Mortgages losses to exceed stress tests
In Mar 2011, the Irish Central Bank commissioned Blackrock International to conduct a comprehensive stress test of the Irish-covered banks.
According to the adverse case scenario — based on 59% peak-to-trough fall in house prices and unemployment reaching 16% — mortgage losses would reach €9bn.
Davy forecasts that eventual mortgage losses will exceed the adverse case scenario and post total losses of between €10bn-€11.5bn on the basis that peak-to-trough falls in house prices will reach up to 65%.
“That said, these additional losses are manageable given the excess capital left over from the banks’ deleveraging requirements, with just €1bn used of the €9.5bn injected to meet discounts as banks sold non-core assets. However, risks to our view are a greater incidence of tactical arrears, bankruptcy or buy-to-let liquidations that drive down property prices,” the report said.
The future health of the banks depends on how they deal with the mounting arrears problem over the short term. Irish banks may be well capitalised, but if the markets believe that they are holding large mortgage losses on their balance sheets, then the banks will not be able to secure future funding, the report said.
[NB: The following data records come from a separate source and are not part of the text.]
lemma deficit_le_last:
  assumes "real m \<le> lam_weight lam (Suc k) b"
  shows "lam k * deficit l lam k m b \<le> l * lookup b k"
proof -
  have "real (deficit l lam k m b) / real l \<le> real (lookup b k) / real (lam k)"
    using assms by (simp add: lam_weight_Suc_ge_iff[OF lam_dvd l_pos lam_pos])
  then show ?thesis
    using l_pos lam_pos by (simp add: divide_le_eq le_divide_eq mult.commute flip: of_nat_mult)
qed

lemma decomposition_property_lower:
  assumes dp: "decomposition_property (Suc k) (lam(k := lam k + l))"
  shows "decomposition_property (Suc k) lam"
  unfolding decomposition_property_def
proof (intro allI impI)
  fix m a assume m: "1 \<le> m" and a: "keys a \<subseteq> {..<Suc k}"
    and weight: "real m \<le> lam_weight lam (Suc k) a"
  define \<delta> where "\<delta> = deficit l lam k m a"
  define a' where "a' = Poly_Mapping.update k (lookup a k + \<delta>) a"
  have "a' \<in> splittable (lam(k := lam k + l)) (Suc k) m"
    unfolding a'_def \<delta>_def
    by (rule dp[unfolded decomposition_property_def, rule_format,
          OF m keys_update_subset[OF a] weight_raise_last[OF weight]])
  then obtain bs where bs_weight: "\<forall>j<m. 1 \<le> lam_weight (lam(k := lam k + l)) (Suc k) (bs j)"
    and bs_sum: "\<forall>i. (\<Sum>j<m. lookup (bs j) i) \<le> lookup a' i"
    unfolding splittable_def by blast
  define d where "d j = deficit l lam k 1 (bs j)" for j
  show "a \<in> splittable lam (Suc k) m"
  proof (rule splittable_update_last[where v = "\<lambda>j. lookup (bs j) k - d j"])
    show "\<forall>j<m. 1 \<le> lam_weight lam (Suc k) (Poly_Mapping.update k (lookup (bs j) k - d j) (bs j))"
      using weight_lower_last(2)[of 1] bs_weight unfolding d_def by simp
    show "(\<Sum>j<m. lookup (bs j) i) \<le> lookup a i" if "i \<noteq> k" for i
      using bs_sum[rule_format, of i] that by (simp add: a'_def lookup_update)
    have "\<delta> \<le> (\<Sum>j<m. d j)"
      using deficit_sum_le[OF bs_sum, where l = l and lam = lam and k = k]
      unfolding \<delta>_def d_def a'_def by simp
    moreover have "(\<Sum>j<m. lookup (bs j) k - d j) = (\<Sum>j<m. lookup (bs j) k) - (\<Sum>j<m. d j)"
      using weight_lower_last(1)[of 1] bs_weight unfolding d_def
      by (intro sum_subtractf_nat) simp
    ultimately show "(\<Sum>j<m. lookup (bs j) k - d j) \<le> lookup a k"
      using bs_sum[rule_format, of k] by (simp add: a'_def lookup_update)
  qed
qed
At the end of March this year, there were a total of 78,000 residential mortgage holders or 10.2% of all mortgage holders, in arrears of 90 days or more. A quarter of all buy-to-let mortgages are now in arrears. Davy forecasts that arrears on owner-occupier mortgages will increase from 13.4% of overall value to peak at 16.5% in 2013.
Arrears on buy-to-let mortgages are forecast to peak at 38.4% of overall value in 2013 because many of these mortgages originated in 2007 and were interest-only repayments for the first five years. Principle payments kick in this year.
So far, measures taken by the banks to deal with arrears have had very had very limited success, the report notes. Close to half of all restructured loans remain in arrears of over 90 days.
Banks are now “piloting” new forbearance measures, including split mortgages, trade-downs and voluntary sales, which fall well short of principle forbearance, and consequently their ability to improve loan performance will be limited. Moreover, the proposed personal insolvency arrangement also falls short of debt forgiveness.
“The key issue remains whether credible long-term solutions to non-performing loans will be delivered or if both the personal insolvency arrangement and the banks’ forbearance measures merely delay and tie up debtors in unsustainable loans.”
The report’s authors argue that, in view of the level of mortgage arrears among the Irish banks, there has been an extremely low level of debt writedowns and repossessions. But regardless of which forbearance measures are adopted by the banks, the level of repossessions are set to increase. Because of the personal insolvency arrangement legislation, the amount of residential homes repossessed will be limited, but there will be an increased rate of repossessions in the buy-to-let market.
But banks will not be able to liquidate the entire portfolio of buy-to-let houses because planned new mortgage lending by AIB and Bank of Ireland would not be able to absorb the stock of houses coming on the market without further sharp house price falls.
But overall, banks need credible long-term solutions to mortgage arrears difficulties and not to adopt measures that will delay loss recognition and protect capital ratios in the short term.
“Visible solutions to unsustainable loans, which will result in lower capital ratios, are needed in our view.”